Sunday, 23 December 2012

luang prabhang

     The ancient city of Luang Prabhang is set on a misty, mystical, promontory surrounded on three sides by deep river valleys, then in turn by range after range of pale mountains rising to ever greater heights.  The whole landscape is suffused with wood smoke and a feeling of peace, calm and dare I say spirituality.  This is helped by the monks who are all over town, on mysterious missions.  Old monks and young monks, some maybe only 7 years old, in their orange robes or yellow robes – each wat has its own subtly different design – walk calmly on the roads with their forage bags over their shoulders.
     The town, a world heritage site, has been for the most part carefully managed, and has many small French colonial buildings, and new buildings are very much in the style of – verandahed and tile roofed and white painted, never more than two storeys – so that the wats still dominate the view.  It does still have the feel of a real town, with chickens running everywhere, cocks crowing, rice and chillis drying in big wicker bowls in the sun, though inevitable tourism is taking over.  In only two years since my last visit there seem to be more and larger hotels in the centre.  Once it was almost entirely very small family run businesses – a few rooms above a shop house.   
     We stay in a small Australian owned hotel, which is mostly new built (although our huge and stylish room is part of an older house incorporated into the rest).  It’s built round a small courtyard, shaded with big-leaved shrubs and bushes.  Great for breakfasts and afternoon cooling drinks.  The staff are very pleasant and eager to chat, working on their conversational English.  Almost all of them are studying part time, English or hotel management.

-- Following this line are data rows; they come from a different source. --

definition feasible :: "real \<Rightarrow> real \<Rightarrow> real \<Rightarrow> nat \<Rightarrow> (nat \<Rightarrow> real) \<Rightarrow> bool" where
  "feasible r R p n t \<longleftrightarrow> (\<forall>i\<in>{1..n}. \<bar>t i\<bar> \<le> R) \<and> (\<Sum>i=1..n. quad_powr r (t i)) \<le> p"

definition head_sum :: "nat \<Rightarrow> (nat \<Rightarrow> real) \<Rightarrow> real \<Rightarrow> real" where
  "head_sum n a x = (\<Sum>i\<in>{i\<in>{1..n}. real i \<le> x}. a i)"

lemma quad_powr_le_square:
  assumes "r \<le> 1"
  shows "quad_powr r t \<le> t^2"
proof (cases "\<bar>t\<bar> \<le> 1")
  case False
  have "\<bar>t\<bar> powr r \<le> \<bar>t\<bar> powr 1" using False assms by (intro powr_mono) auto
  also have "\<dots> \<le> \<bar>t\<bar> * \<bar>t\<bar>" using False mult_left_mono[of 1 "\<bar>t\<bar>" "\<bar>t\<bar>"] by simp
  finally show ?thesis using False by (simp add: quad_powr_def power2_eq_square)
qed (simp add: quad_powr_def)

lemma sum_fA4_le_iff_feasible:
  assumes "1 \<le> R"
  shows "(\<Sum>i=1..n. fA4 r R (t i)) \<le> ereal p \<longleftrightarrow> feasible r R p n t"
proof (cases "\<forall>i\<in>{1..n}. \<bar>t i\<bar> \<le> R")
  case True
  then have "(\<Sum>i=1..n. fA4 r R (t i)) = (\<Sum>i=1..n. ereal (quad_powr r (t i)))"
    using assms by (intro sum.cong) (auto simp: fA4_def quad_powr_def)
  then show ?thesis using True by (simp add: feasible_def)
next
  case False
  then obtain j where j: "j \<in> {1..n}" "R < \<bar>t j\<bar>" by auto
  then have "fA4 r R (t j) = \<infinity>" using assms by (simp add: fA4_def)
  then have "(\<Sum>i=1..n. fA4 r R (t i)) = \<infinity>" using j by (subst sum_Pinfty) auto
  then show ?thesis using False by (simp add: feasible_def)
qed

lemma SA4_eq_Sup_feasible:
  assumes "1 \<le> R"
  shows "SA4 r R p n a = Sup {(\<Sum>i=1..n. a i * t i) | t. feasible r R p n t}"
  unfolding SA4_def sum_fA4_le_iff_feasible[OF assms] ..

lemma sum_if_mem_subset:
  assumes "finite A" "J \<subseteq> A"
  shows "(\<Sum>i\<in>A. if i \<in> J then f i else 0) = sum f J"
  using assms by (metis Int_absorb1 sum.inter_restrict)

lemma feasible_restrict:
  assumes "J \<subseteq> {1..n}" "0 \<le> R" "\<forall>i\<in>J. \<bar>s i\<bar> \<le> R" "(\<Sum>i\<in>J. quad_powr r (s i)) \<le> p"
  shows "feasible r R p n (\<lambda>i. if i \<in> J then s i else 0)"
proof -
  have "(\<Sum>i=1..n. quad_powr r (if i \<in> J then s i else 0))
      = (\<Sum>i=1..n. if i \<in> J then quad_powr r (s i) else 0)"
    by (intro sum.cong) (auto simp: quad_powr_def)
  also have "\<dots> = (\<Sum>i\<in>J. quad_powr r (s i))"
    using assms(1) by (intro sum_if_mem_subset) auto
  finally show ?thesis using assms by (auto simp: feasible_def)
qed

lemma sum_mult_restrict:
  fixes a s :: "nat \<Rightarrow> real"
  assumes "J \<subseteq> {1..n}"
  shows "(\<Sum>i=1..n. a i * (if i \<in> J then s i else 0)) = (\<Sum>i\<in>J. a i * s i)"
proof -
  have "(\<Sum>i=1..n. a i * (if i \<in> J then s i else 0))
      = (\<Sum>i=1..n. if i \<in> J then a i * s i else 0)"
    by (intro sum.cong) auto
  also have "\<dots> = (\<Sum>i\<in>J. a i * s i)"
    using assms by (intro sum_if_mem_subset) auto
  finally show ?thesis .
qed

lemma le_powr_mult_powr:
  fixes u b r :: real
  assumes "0 \<le> u" "u \<le> b" "r \<le> 1"
  shows "u \<le> b powr (1 - r) * u powr r"
proof (cases "u = 0")
  case False
  then have "u = u powr (1 - r) * u powr r" using assms(1) by (simp add: powr_add[symmetric])
  also have "\<dots> \<le> b powr (1 - r) * u powr r" using assms by (intro mult_right_mono powr_mono2) auto
  finally show ?thesis .
qed simp

lemma sum_mult_le_root_of_sum_powr:
  fixes c u :: "'i \<Rightarrow> real"
  assumes "0 < r" "r \<le> 1" "0 \<le> A" "\<forall>i\<in>B. 0 \<le> u i \<and> 0 \<le> c i \<and> c i \<le> A"
    and "finite B" "(\<Sum>i\<in>B. u i powr r) \<le> q"
  shows "(\<Sum>i\<in>B. c i * u i) \<le> q powr (1/r) * A"
proof -
  have "0 \<le> (\<Sum>i\<in>B. u i powr r)" by (intro sum_nonneg) simp
  with assms(6) have q0: "0 \<le> q" by linarith
  have exponent: "1/r * (1 - r) = (1 - r) / r" by simp
  have "c i * u i \<le> A * (q powr ((1 - r) / r) * u i powr r)" if i: "i \<in> B" for i
  proof -
    have "u i powr r \<le> q"
      using member_le_sum[OF i, of "\<lambda>i. u i powr r"] assms(5,6) by simp
    then have "(u i powr r) powr (1/r) \<le> q powr (1/r)" using assms(1) by (intro powr_mono2) auto
    then have "u i \<le> q powr (1/r)" using assms(1,4) i by (simp add: powr_powr)
    then have "u i \<le> (q powr (1/r)) powr (1 - r) * u i powr r"
      using le_powr_mult_powr assms(2,4) i by blast
    then have "u i \<le> q powr ((1 - r) / r) * u i powr r" by (simp only: powr_powr exponent)
    then show ?thesis using assms(4) i by (intro mult_mono) auto
  qed
  then have "(\<Sum>i\<in>B. c i * u i) \<le> (\<Sum>i\<in>B. A * (q powr ((1 - r) / r) * u i powr r))"
    by (rule sum_mono)
  also have "\<dots> = A * q powr ((1 - r) / r) * (\<Sum>i\<in>B. u i powr r)"
    by (simp only: sum_distrib_left mult.assoc)
  also have "\<dots> \<le> A * q powr ((1 - r) / r) * q"
    using assms(3,6) by (intro mult_left_mono) auto
  also have "\<dots> = A * q powr ((1 - r) / r + 1)"
    using q0 by (simp add: powr_add)
  also have "(1 - r) / r + 1 = 1 / r" using assms(1) by (simp add: field_simps)
  finally show ?thesis by (simp add: mult.commute)
qed

lemma sum_mult_abs_le_sqrt_sum_squares:
  fixes a t :: "'i \<Rightarrow> real"
  assumes "finite J" "K \<subseteq> J" "\<forall>i\<in>K. 0 \<le> a i"
  shows "(\<Sum>i\<in>K. a i * \<bar>t i\<bar>) \<le> sqrt (\<Sum>i\<in>J. (a i)^2) * sqrt (\<Sum>i\<in>K. (t i)^2)"
proof -
  have "(\<Sum>i\<in>K. a i * \<bar>t i\<bar>) = (\<Sum>i\<in>K. \<bar>a i\<bar> * \<bar>t i\<bar>)" using assms(3) by (intro sum.cong) auto
  also have "\<dots> \<le> L2_set a K * L2_set t K" by (rule L2_set_mult_ineq)
  also have "\<dots> \<le> sqrt (\<Sum>i\<in>J. (a i)^2) * sqrt (\<Sum>i\<in>K. (t i)^2)"
    unfolding L2_set_def
    by (intro mult_right_mono real_sqrt_le_mono sum_mono2 assms) (auto intro: sum_nonneg)
  finally show ?thesis .
qed

locale antitone_seq =
  fixes n :: nat and a :: "nat \<Rightarrow> real"
  assumes decreasing: "\<And>i j. 1 \<le> i \<Longrightarrow> i \<le> j \<Longrightarrow> j \<le> n \<Longrightarrow> a j \<le> a i"
    and last_nonneg: "0 \<le> a n"
begin

lemma nonneg: "i \<in> {1..n} \<Longrightarrow> 0 \<le> a i"
  using decreasing[of i n] last_nonneg by auto

lemma sum_le_head_sum: "B \<subseteq> {i\<in>{1..n}. real i \<le> x} \<Longrightarrow> (\<Sum>i\<in>B. a i) \<le> head_sum n a x"
  unfolding head_sum_def using nonneg by (intro sum_mono2) auto

lemma head_sum_nonneg: "0 \<le> head_sum n a x"
  using sum_le_head_sum[of "{}"] by simp

lemma head_sum_mono: "x \<le> y \<Longrightarrow> head_sum n a x \<le> head_sum n a y"
  unfolding head_sum_def[of n a x] by (rule sum_le_head_sum) auto

lemma mult_le_head_sum:
  assumes "1 \<le> x" "x \<le> real i" "i \<le> n"
  shows "x * a i \<le> 2 * head_sum n a x"
proof -
  define k where "k = nat \<lfloor>x\<rfloor>"
  have "real k = of_int \<lfloor>x\<rfloor>" using assms(1) by (simp add: k_def)
  moreover have "of_int \<lfloor>x\<rfloor> \<le> x" "x < of_int \<lfloor>x\<rfloor> + 1" "(1::int) \<le> \<lfloor>x\<rfloor>"
    using assms(1) by (auto simp: le_floor_iff)
  ultimately have k: "1 \<le> k" "real k \<le> x" "x \<le> 2 * real k" by linarith+
  with assms(2) have "k \<le> i" by linarith
  have ai: "0 \<le> a i" using k \<open>k \<le> i\<close> assms by (intro nonneg) auto
  have "x * a i \<le> 2 * (real k * a i)" using mult_right_mono[OF k(3) ai] by simp
  also have "real k * a i = (\<Sum>j=1..k. a i)" by simp
  also have "\<dots> \<le> (\<Sum>j=1..k. a j)" using \<open>k \<le> i\<close> assms by (intro sum_mono decreasing) auto
  also have "\<dots> \<le> head_sum n a x" using k \<open>k \<le> i\<close> assms by (intro sum_le_head_sum) auto
  finally show ?thesis by simp
qed

text \<open>Indices i > x = q/W have a i \<le> 2 head_sum x / x, so together they are charged at most
  2 W head_sum x; the indices up to x are charged at most W each.\<close>
lemma weighted_sum_le_head_sum:
  assumes "B \<subseteq> {1..n}" "0 < W" "W \<le> q" "\<forall>i\<in>B. 0 \<le> w i \<and> w i \<le> W" "(\<Sum>i\<in>B. w i) \<le> q"
  shows "(\<Sum>i\<in>B. a i * w i) \<le> 3 * W * head_sum n a (q / W)"
proof -
  define x where "x = q / W"
  define hs where "hs = head_sum n a x"
  define Bl where "Bl = B \<inter> {i. real i \<le> x}"
  define Bh where "Bh = B - {i. real i \<le> x}"
  have x1: "1 \<le> x" using assms(2,3) by (simp add: x_def)
  have finB: "finite B" using assms(1) finite_subset by blast
  have "a i * w i \<le> W * a i" if "i \<in> B" for i
    using assms(1,4) nonneg[of i] that mult_left_mono[of "w i" W "a i"] by (auto simp: mult.commute)
  then have "(\<Sum>i\<in>Bl. a i * w i) \<le> (\<Sum>i\<in>Bl. W * a i)"
    by (intro sum_mono) (auto simp: Bl_def)
  also have "\<dots> \<le> W * hs"
    unfolding sum_distrib_left[symmetric] hs_def using assms(1,2)
    by (intro mult_left_mono sum_le_head_sum) (auto simp: Bl_def)
  finally have low: "(\<Sum>i\<in>Bl. a i * w i) \<le> W * hs" .
  have ai: "a i \<le> 2 * hs / x" if "i \<in> Bh" for i
    using mult_le_head_sum[OF x1, of i] that assms(1) x1 by (auto simp: Bh_def hs_def field_simps)
  have "(\<Sum>i\<in>Bh. a i * w i) \<le> (\<Sum>i\<in>Bh. 2 * hs / x * w i)"
    using ai assms(4) by (intro sum_mono mult_right_mono) (auto simp: Bh_def)
  also have "\<dots> \<le> 2 * hs / x * q"
  proof -
    have "(\<Sum>i\<in>Bh. w i) \<le> (\<Sum>i\<in>B. w i)"
      using finB assms(4) by (intro sum_mono2) (auto simp: Bh_def)
    then show ?thesis
      unfolding sum_distrib_left[symmetric] using assms(5) x1 head_sum_nonneg
      by (intro mult_left_mono) (auto simp: hs_def)
  qed
  also have "\<dots> = 2 * W * hs" using assms(2,3) by (simp add: x_def)
  finally have high: "(\<Sum>i\<in>Bh. a i * w i) \<le> 2 * W * hs" .
  have "(\<Sum>i\<in>B. a i * w i) = (\<Sum>i\<in>Bl. a i * w i) + (\<Sum>i\<in>Bh. a i * w i)"
    unfolding Bl_def Bh_def using finB by (rule sum.Int_Diff)
  then show ?thesis using low high by (simp add: hs_def x_def)
qed

end

locale truncated_powr_problem = antitone_seq +
  fixes r R p :: real
  assumes r_pos: "0 < r" and r_le_one: "r \<le> 1" and R_gt_one: "1 < R" and p_ge_one: "1 \<le> p"
    and n_pos: "1 \<le> n"
begin

lemma R_powr_le_square: "R powr r \<le> R^2"
proof -
  have "R powr r \<le> R powr 2" using R_gt_one r_le_one by (intro powr_mono) auto
  then show ?thesis using R_gt_one by (simp add: powr_numeral)
qed

lemma feasible_sum_le:
  assumes "feasible r R p n t"
  shows "(\<Sum>i=1..n. a i * t i) \<le> R * (\<Sum>i=1..n. a i)"
proof -
  have "a i * t i \<le> R * a i" if "i \<in> {1..n}" for i
  proof -
    have "\<bar>t i\<bar> \<le> R" using assms that by (auto simp: feasible_def)
    then have "t i \<le> R" by linarith
    then show ?thesis using nonneg[OF that] mult_left_mono[of "t i" R "a i"] by (simp add: mult.commute)
  qed
  then have "(\<Sum>i=1..n. a i * t i) \<le> (\<Sum>i=1..n. R * a i)" by (intro sum_mono) auto
  then show ?thesis by (simp add: sum_distrib_left)
qed

lemma le_SA4I:
  assumes "feasible r R p n t" "x \<le> (\<Sum>i=1..n. a i * t i)"
  shows "x \<le> SA4 r R p n a"
proof -
  have "bdd_above {(\<Sum>i=1..n. a i * t i) | t. feasible r R p n t}"
    using feasible_sum_le by (intro bdd_aboveI) blast
  then show ?thesis
    unfolding SA4_eq_Sup_feasible[OF less_imp_le[OF R_gt_one]] using assms
    by (intro cSup_upper2) auto
qed

lemma restricted_le_SA4:
  assumes "J \<subseteq> {1..n}" "\<forall>i\<in>J. \<bar>s i\<bar> \<le> R" "(\<Sum>i\<in>J. quad_powr r (s i)) \<le> p"
  shows "(\<Sum>i\<in>J. a i * s i) \<le> SA4 r R p n a"
proof (rule le_SA4I[OF _ eq_refl])
  show "feasible r R p n (\<lambda>i. if i \<in> J then s i else 0)"
    using assms R_gt_one by (intro feasible_restrict) auto
qed (rule sum_mult_restrict[OF assms(1), symmetric])

lemma SA4_nonneg: "0 \<le> SA4 r R p n a"
  using restricted_le_SA4[of "{}"] p_ge_one by simp

lemma SA4_leI:
  assumes "\<And>t. feasible r R p n t \<Longrightarrow> (\<Sum>i=1..n. a i * t i) \<le> U"
  shows "SA4 r R p n a \<le> U"
proof -
  have "feasible r R p n (\<lambda>_. 0)"
    using R_gt_one p_ge_one by (simp add: feasible_def quad_powr_def)
  then show ?thesis
    unfolding SA4_eq_Sup_feasible[OF less_imp_le[OF R_gt_one]] using assms
    by (intro cSup_least) auto
qed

     In the evenings, the sun sets over the Mekong, sometimes spectacularly, as the tourists sip their cocktails at the improvised little open air bars.  The dark descends and there is an almost reverential hush around the town, even in the tourist streets.  The lights are dim, the stars shine out clear in the black sky.

     4am and there is a distant rhythmic drumming. The monks at the nearby wat are being roused: still pitch dark outside. 
     4.30am: a cock crows.   
     5.00am: sounds of pots and pans being briefly banged together.  It’s time for the daily food giving.  I peep out of the shutters.  The old ladies from the houses opposite are kneeling beside the road, in their traditional Lao long skirts, with bowls of sticky rice, and the procession begins.  Groups of monks from each wat pass them in single file, and into the metal bowl carried by each, the ladies place a handful of sticky rice.   
     Each group, in their bright orange robes is led by a senior monk, but most of the rest are juvenile with seemingly the youngest at the rear.  The robes are slightly different to mark out each wat: about 10 or 12 from each wat.  All done in complete silence in the grey predawn light.  There are lots of wats and the process lasts some minutes: then suddenly it is over and the ladies are packing up for another day.  Back to bed for me and perhaps a little peace until breakfast time.

     Is there a danger of a place like this becoming a victim of its own success?  The peaceful little dawn ceremony is nowadays punctuated by camera clicks and flashes.  More of the real inhabitants are pushed out by newer, bigger hotels.  The guidebooks tell you to do this at this time, that at another time.  As a result these particular experiences become overcrowded and the wonder is lost.   
     The eternal travellers’ dilemma: am I destroying the thing I came to see?   
     At sunset, the guides advise a trip to the temple at the top of Phou Si, the steep hill in the centre of the peninsula.  So everyone troops up there.  At the top is an important religious site, That Chomsi, but the tourists are oblivious; they turn up in their singlets and bikini tops, they talk loudly and take endless pictures of each other for facebook, they chat about where the cheapest place to get drunk is; and all the while in the background the sun sets sedately behind line after line of smoky mountains fading into distance.  The sun sets and instantly the tour guides raise their flags and the larger parties are off.  We stay behind to see what is in fact the best bit, as the sun’s final rays highlight each layer of cloud, higher and higher through orange, red and then finally to grey.  The sky continues to glow long after, as the few lights in the landscape flick on, the barbecue fires send up their offerings, the stars start to emerge in the rapidly dimming sky, the air becomes still and distinctively cooler.  This could have been a spiritual experience, but almost everyone misses it.